The Dr Daniel W Kissam House is a focal point for many of the Huntington Historical Society’s outreach and education activities. Aside from housing the Kissam family history in a room on the property and housing the Society’s costume collection in the attic, the wine tasting and annual meetings are held on the property and barn.
Its mostly red exterior with white trim along Park Avenue is home to a great deal of history, as well as a large yard, a period garden, and a barn where many events are held.
Dr Daniel W Kissam House at 434 Park Avenue, Huntington, New York has helped many a Huntington student learn what it would have been like to be alive and doing chores during Colonial times during its summer Passport to the Past programs, and the spring, which is coming up this year May 1.

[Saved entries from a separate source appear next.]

(* Let $\delta>0$ and $0<\alpha<2$. Suppose there is a constant $C_2>0$ such that $$\mu_V\big((f-\mu_V(f))^2\big)\le C_2 D_{\alpha,V,\delta}(f,f)\quad\text{for all } f\in C_b^\infty(\mathbb R^d).$$ Then there is a constant $\lambda_0>0$ such that $\int e^{\lambda_0|x|}\,\mu_V(dx)<\infty$.
   Context: Let $d\ge1$. $V:\mathbb R^d\to\mathbb R$ is a locally bounded measurable function such that $e^{-V}$ is bounded and $\int e^{-V(x)}dx<\infty$; $\mu_V(dx)=\frac{e^{-V(x)}}{\int e^{-V(y)}dy}dx$, and $\mu_V(f)=\int f\,d\mu_V$. $C_b^\infty(\mathbb R^d)$ is the set of smooth functions on $\mathbb R^d$ that are bounded together with all their derivatives. For $\alpha\in(0,2)$, $\delta\ge0$, $$D_{\alpha,V,\delta}(f,f):=\iint\frac{(f(y)-f(x))^2}{|y-x|^{d+\alpha}}e^{-\delta|y-x|}\,dy\,\mu_V(dx).$$ *)

theory Defs
  imports "HOL-Analysis.Analysis"
begin

text \<open>R^d is modelled by an arbitrary Euclidean space 'a with d = DIM('a) (so d \<ge> 1).\<close>

definition partial_deriv :: "'a::euclidean_space \<Rightarrow> ('a \<Rightarrow> real) \<Rightarrow> 'a \<Rightarrow> real" where
  "partial_deriv i f x = frechet_derivative f (at x) i"

fun iter_partial :: "'a::euclidean_space list \<Rightarrow> ('a \<Rightarrow> real) \<Rightarrow> 'a \<Rightarrow> real" where
  "iter_partial [] f = f"
| "iter_partial (i # is) f = partial_deriv i (iter_partial is f)"
(* For every integer $n\ge 5$, every $0<r<1/2$, and every convex $n$-gon $K$, we have $$\frac{\Delta(K_r)}{\Delta(K)}\ge 1-2r.$$
   Context: Let $K=A_1A_2\ldots A_n$ be a convex polygon with vertices listed counterclockwise, indices taken modulo $n$. For fixed $0<r\le 1$, let $B_k$ be the point on the edge $A_{k+1}A_{k+2}$ with $A_{k+1}B_k/A_{k+1}A_{k+2}=r$, and let $K_r$ be the $n$-gon bounded by the segments $A_kB_k$, $k=1,\ldots,n$. $\Delta(\cdot)$ denotes area. *)

theory Defs
  imports "HOL-Analysis.Analysis"
begin

text \<open>Points of the plane are pairs of reals. Polygons are given by a vertex
function on nat, read cyclically: vertex k is A (k mod n); index 0 plays the role
of the paper's index 1.\<close>

definition cross2 :: "real \<times> real \<Rightarrow> real \<times> real \<Rightarrow> real" where
  "cross2 u v = fst u * snd v - snd u * fst v"

definition vtx :: "nat \<Rightarrow> (nat \<Rightarrow> real \<times> real) \<Rightarrow> nat \<Rightarrow> real \<times> real" where
  "vtx n A k = A (k mod n)"

definition convex_ccw_polygon :: "nat \<Rightarrow> (nat \<Rightarrow> real \<times> real) \<Rightarrow> bool" where
  "convex_ccw_polygon n A \<longleftrightarrow> n \<ge> 3 \<and>
     (\<forall>i<n. \<forall>j<n. j \<noteq> i \<and> j \<noteq> (i + 1) mod n \<longrightarrow>
        cross2 (vtx n A (i + 1) - vtx n A i) (vtx n A j - vtx n A i) > 0)"

definition polygon_area :: "nat \<Rightarrow> (nat \<Rightarrow> real \<times> real) \<Rightarrow> real" where
  "polygon_area n P = (1/2) * (\<Sum>k<n. cross2 (vtx n P k) (vtx n P (k + 1)))"

definition Bpt :: "nat \<Rightarrow> (nat \<Rightarrow> real \<times> real) \<Rightarrow> real \<Rightarrow> nat \<Rightarrow> real \<times> real" where
  "Bpt n A r k = vtx n A (k + 1) + r *\<^sub>R (vtx n A (k + 2) - vtx n A (k + 1))"

definition Kr_vertex :: "nat \<Rightarrow> (nat \<Rightarrow> real \<times> real) \<Rightarrow> real \<Rightarrow> nat \<Rightarrow> real \<times> real" where
  "Kr_vertex n A r k = (THE p. p \<in> closed_segment (vtx n A k) (Bpt n A r k) \<and>
                               p \<in> closed_segment (vtx n A (k + 1)) (Bpt n A r (k + 1)))"

definition area_K :: "nat \<Rightarrow> (nat \<Rightarrow> real \<times> real) \<Rightarrow> real" where
  "area_K n A = polygon_area n A"

definition area_Kr :: "nat \<Rightarrow> (nat \<Rightarrow> real \<times> real) \<Rightarrow> real \<Rightarrow> real" where
  "area_Kr n A r = polygon_area n (Kr_vertex n A r)"

end

theory Submission
  imports Defs
begin

text \<open>Let S be twice the area of K, P_k the k-th vertex of K_r (where A_k B_k meets
A_{k+1} B_{k+1}) and E_k twice the area of the ear A_k A_{k+1} A_{k+2}. As P_{k-1} and P_k both lie
on A_k B_k, the shoelace sums of K and K_r differ by the doubled areas of the triangles
A_k A_{k+1} P_k, and each of these is at most r E_k because P_k lies on A_k B_k. It remains to show
that the ears of a convex n-gon with n \<ge> 5 satisfy \<Sum> E_k \<le> 2 S. Cutting off every other ear
leaves a convex polygon, so each of the two alternating families of ears has total at most S. For
odd n the two families miss one ear; it fits into a fan triangle of the polygon left by the second
family as soon as the edges A_k A_{k+1} and A_{k+2} A_{k+3} turn by at most \<pi>, and such a k
exists because n \<ge> 5.\<close>

definition orient :: "real \<times> real \<Rightarrow> real \<times> real \<Rightarrow> real \<times> real \<Rightarrow> real" where
  "orient a b c = cross2 (b - a) (c - a)"

lemma orient_rotate: "orient a b c = orient b c a"
  by (simp add: orient_def cross2_def algebra_simps)

lemma orient_degenerate [simp]: "orient a a c = 0" "orient a b a = 0" "orient a b b = 0"
  by (simp_all add: orient_def cross2_def)

lemma cross2_swap: "cross2 u v = - cross2 v u"
  by (simp add: cross2_def)

lemma orient_pluecker:
  "orient x a b * orient x e c + orient x b c * orient x e a = orient x a c * orient x e b"
  by (simp add: orient_def cross2_def algebra_simps)
(* Let $A$ be an AUF algebra, $B$ a unital algebra, and $M$ an $A$-$B$ bimodule that is coherent and projective as a left $A$-module. Let $p\in B$ be an idempotent and $\psi\in\mathrm{SLF}(A)$. Let ${}^\psi\mathrm{Tr}_M:B\to\mathbb C$ be the right pseudotrace associated to $M$, and ${}^\psi\mathrm{Tr}_{Mp}:pBp\to\mathbb C$ the right pseudotrace associated to the $A$-$(pBp)$ bimodule $Mp$. Then ${}^\psi\mathrm{Tr}_{Mp}={}^\psi\mathrm{Tr}_M|_{pBp}$.
   Context: All algebras are associative $\mathbb C$-algebras, not necessarily unital. An idempotent is $e$ with $e^2=e$. An algebra $A$ is AUF if there is a family $(e_i)_{i\in\mathfrak I}$ of mutually orthogonal idempotents with $\dim e_iAe_j<\infty$ and $A=\sum_{i,j}e_iAe_j$. A left $A$-module is quasicoherent if $\xi\in A\xi$ for all $\xi$, coherent if moreover finitely generated. $\mathrm{SLF}(C)$ is the space of linear $\phi:C\to\mathbb C$ with $\phi(xy)=\phi(yx)$. $Mp=\{\xi p:\xi\in M\}$, a left $A$-submodule and direct summand of $M$, with right action of the unital algebra $pBp$. For an $A$-$B'$ bimodule $N$ ($B'$ unital) that is coherent and projective as a left $A$-module, a right coordinate system is an idempotent $e\in A$ with finitely many left $A$-module maps $\beta_j:Ae\to N$, $\check\beta^j:N\to Ae$ such that $\sum_j\beta_j\circ\check\beta^j=\mathrm{id}_N$ (one exists), and the right pseudotrace is ${}^\psi\mathrm{Tr}_N(y)=\sum_j\psi(\check\beta^j(\beta_j(e)y))$ for $y\in B'$, independent of the choice. *)

theory Defs
  imports Complex_Main
begin
(* Let $n\ge2$ and let $U:=\{(q,p)\in T^*\mathbb{R}^n: q_1+\sum_{i=2}^nq_i^2=\frac14\}$. Then $U$ is a smooth hypersurface in $T^*\mathbb{R}^n$, but its $b$-image $U_b:=\overline{\pi(U\times\{-1,1\})}$ (closure in $W$) is not a smooth hypersurface of $W$.
   Context: Identify $\mathbb{R}^{2n}=T^*\mathbb{R}^n$ with coordinates $(q,p)$. Realize $T^*S^{n-1}=\{(\psi,\zeta)\in\mathbb{R}^n\times\mathbb{R}^n:|\psi|=1,\ \psi\cdot\zeta=0\}$. Let $\widetilde W=\mathbb{R}^2\times T^*S^{n-1}$ with coordinates $(z,P_r,\psi,\zeta)$, $\widetilde Y=\{z=0\}$. Define $f:\widetilde W\setminus\widetilde Y\to\mathbb{R}^{2n}\times\{-1,1\}$ by $f(z,P_r,\psi,\zeta)=\big((2z^{-2}\psi,\ P_r\psi+\tfrac{z^2}{2}\zeta),\operatorname{sgn}z\big)$; it is a diffeomorphism onto $T^*(\mathbb{R}^n\setminus\{0\})\times\{-1,1\}$. Let $W:=\big((\mathbb{R}^{2n}\times\{-1,1\})\sqcup\widetilde W\big)/\sim$ where $w\sim f(w)$ for $w\in\widetilde W\setminus\widetilde Y$, with the quotient topology; $\pi$ denotes the projection. $W$ is a smooth manifold on which $\pi$ restricted to $\mathbb{R}^{2n}\times\{-1,1\}$ and to $\widetilde W$ are diffeomorphisms onto open subsets. *)

theory Defs
  imports "HOL-Analysis.Analysis"
begin

text \<open>C-infinity on an open set: there is a family of all iterated Frechet derivatives;
  D vs x is the iterated derivative at x applied to the directions in the list vs.\<close>
definition smooth_on :: "'a::euclidean_space set \<Rightarrow> ('a \<Rightarrow> 'b::real_normed_vector) \<Rightarrow> bool" where
  "smooth_on S f \<longleftrightarrow> open S \<and>
     (\<exists>D :: 'a list \<Rightarrow> 'a \<Rightarrow> 'b.
        (\<forall>x\<in>S. D [] x = f x) \<and>
        (\<forall>vs. \<forall>x\<in>S. (D vs has_derivative (\<lambda>h. D (h # vs) x)) (at x)))"

definition diffeo_between :: "'a::euclidean_space set \<Rightarrow> 'a set \<Rightarrow> ('a \<Rightarrow> 'a) \<Rightarrow> ('a \<Rightarrow> 'a) \<Rightarrow> bool" where
  "diffeo_between V \<Omega> \<phi> \<psi> \<longleftrightarrow> smooth_on V \<phi> \<and> smooth_on \<Omega> \<psi> \<and> \<phi> ` V = \<Omega> \<and>
     (\<forall>x\<in>V. \<psi> (\<phi> x) = x) \<and> (\<forall>y\<in>\<Omega>. \<phi> (\<psi> y) = y)"

definition submanifold :: "nat \<Rightarrow> 'a::euclidean_space set \<Rightarrow> bool" where
  "submanifold k S \<longleftrightarrow>
     (\<forall>x\<in>S. \<exists>V \<Omega> \<phi> \<psi> L. open V \<and> x \<in> V \<and> open \<Omega> \<and> diffeo_between V \<Omega> \<phi> \<psi> \<and>
        subspace L \<and> dim L = k \<and> \<phi> ` (S \<inter> V) = \<Omega> \<inter> L)"

text \<open>T^*R^n = (real^'n) \<times> (real^'n) with coordinates (q,p); the sign component of
  R^{2n} \<times> {-1,1} is a real number in {-1,1}.  Points of Wtilde are (z, P_r, psi, zeta).\<close>

definition Wt :: "(real \<times> real \<times> (real^'n) \<times> (real^'n)) set" where
  "Wt = {(z, Pr, \<psi>, \<zeta>). norm \<psi> = 1 \<and> \<psi> \<bullet> \<zeta> = 0}"
theorem proposition4p1:
  fixes \<alpha> \<beta> s :: real
  assumes "1 < \<alpha>" and "\<alpha> < 2"
    and "\<beta> = 1 - log 2 \<alpha>" and "s = \<beta> / 2"
  shows "\<exists>T :: (rat \<Rightarrow> complex) \<Rightarrow> (rat \<Rightarrow> complex).
     (\<forall>c\<in>H_space (- s). T c \<in> H_space s)
   \<and> (\<forall>c\<in>H_space (- s). \<forall>d\<in>H_space (- s). T (\<lambda>q. c q + d q) = (\<lambda>q. T c q + T d q))
   \<and> (\<forall>c\<in>H_space (- s). \<forall>a::complex. T (\<lambda>q. a * c q) = (\<lambda>q. a * T c q))
   \<and> (\<forall>c\<in>H_space (- s). \<forall>\<epsilon>>0. \<exists>\<delta>>0. \<forall>d\<in>H_space (- s).
        H_norm (- s) (\<lambda>q. d q - c q) < \<delta> \<longrightarrow> H_norm s (\<lambda>q. T d q - T c q) < \<epsilon>)
   \<and> (\<forall>f. locally_constant f \<longrightarrow> T (fourier f) = fourier (conv (riesz_kernel \<beta>) f))
   \<and> T ` H_space (- s) = H_space s"
proof -
  have "0 < \<beta>" "\<beta> < 1"
    using assms(1-3) by (simp_all add: less_log_iff log_less_iff)
  then interpret sobolev_multiplier "\<lambda>q. riesz_symbol \<beta> (lam_exp q)" "- s" s
      "(2 - 2 powr \<beta>)\<^sup>2" "1 + (2 powr \<beta> * (2 - 2 powr \<beta>))\<^sup>2"
    unfolding assms(4) by (rule sobolev_multiplier_riesz_symbol)
  have "multiplier_op (\<lambda>q. riesz_symbol \<beta> (lam_exp q)) (fourier f) = fourier (conv (riesz_kernel \<beta>) f)"
    if "locally_constant f" for f
    using fourier_conv_riesz_kernel[OF that _ \<open>0 < \<beta>\<close>]
    by (auto simp: fun_eq_iff multiplier_op_def fourier_def)
  then show ?thesis
    using multiplier_op_mem multiplier_op_continuous multiplier_op_surj
    by (intro exI[of _ "multiplier_op (\<lambda>q. riesz_symbol \<beta> (lam_exp q))"])
       (auto simp: multiplier_op_def fun_eq_iff algebra_simps)
qed

end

Dr. Kissam built the house in 1795 at the site of a house built in 1663 that was burned down, probably by the British after leaving Huntington after the Revolutionary War.
Robert “Toby” Kissam, executive coordinator of the and a 10th-generation descendant of the home’s original owner, Dr. Daniel Kissam, said the house is painted white on the front and red on the sides, reflecting the pragmatism of early settlers. “White paint was more expensive than red paint, which was cheaper and made with local coloring ingredients,” Kissam said. “So they painted the front of the building, toward the road, with the more expensive paint and then painted the rest with red.”
House additions have occurred over time, with a “new” kitchen built in 1840 when the kitchen storage room was doubled in size. Despite having 14 children by two wives, the Kissams were thrifty and reused the original windows, woodwork, and rear door for the renovated kitchen.
Dr. Kissam lived in the house for many years with his wives, Elizabeth Treadwell and Phebe Oakley (he had seven children with each wife), and then with his son-in-law, Charles Sturgis, who married an older daughter who died, and then married Sarah Jane Kissam.
Sturgis turned the original kitchen into a formal dining room and added a “new” kitchen to the rear of the house in 1840. The Sturgis family lived in the house until 1857, Kissam said, after which it was owned by the Owen, Fuller, and Taylor families until it was purchased from Hilda Taylor in 1967 by the Huntington Historical Society.
A kitchen with modern conveniences had been added over the years, so the society restored it to its 1840s layout in 2006. The house has been restored to resemble what it would have looked like in the 1840s, Kissam said. A noteworthy feature is detailed woodwork in the second-floor bedroom, called the front bedroom parlor, where the wife entertained her friends. It is one of the few examples of molding from that time period that have survived on Long Island, according to Kissam.
Kissam said Taylor, the last owner of the house before the society purchased it, built a second-floor studio for her to use as a studio.
The room now houses the family history, timelines, photographs, and most recently the family Bible of Maria Louisa Kissam, whose grandson was William Kissam Vanderbilt II, the man who built the Eagle’s Nest house in Centerport, now a museum and planetarium.
The Dr Daniel W Kissam House is listed on the National Register of Historic Places. It is open for tours by appointment, cost of $5 per person; tours also are given during events at the property. Group tours may be arranged with Cathi Horozwitz, the outreach coordinator.
In the barn behind the home, the summer camp program and special events are held, and the museum’s antiques and collectibles store and kitchen are located next to the barn. The museum store is open Tuesday, Wednesday and Sunday from 1 to 4 p.m. Consignment items are taken Tuesday mornings from 9:30 a.m. to noon.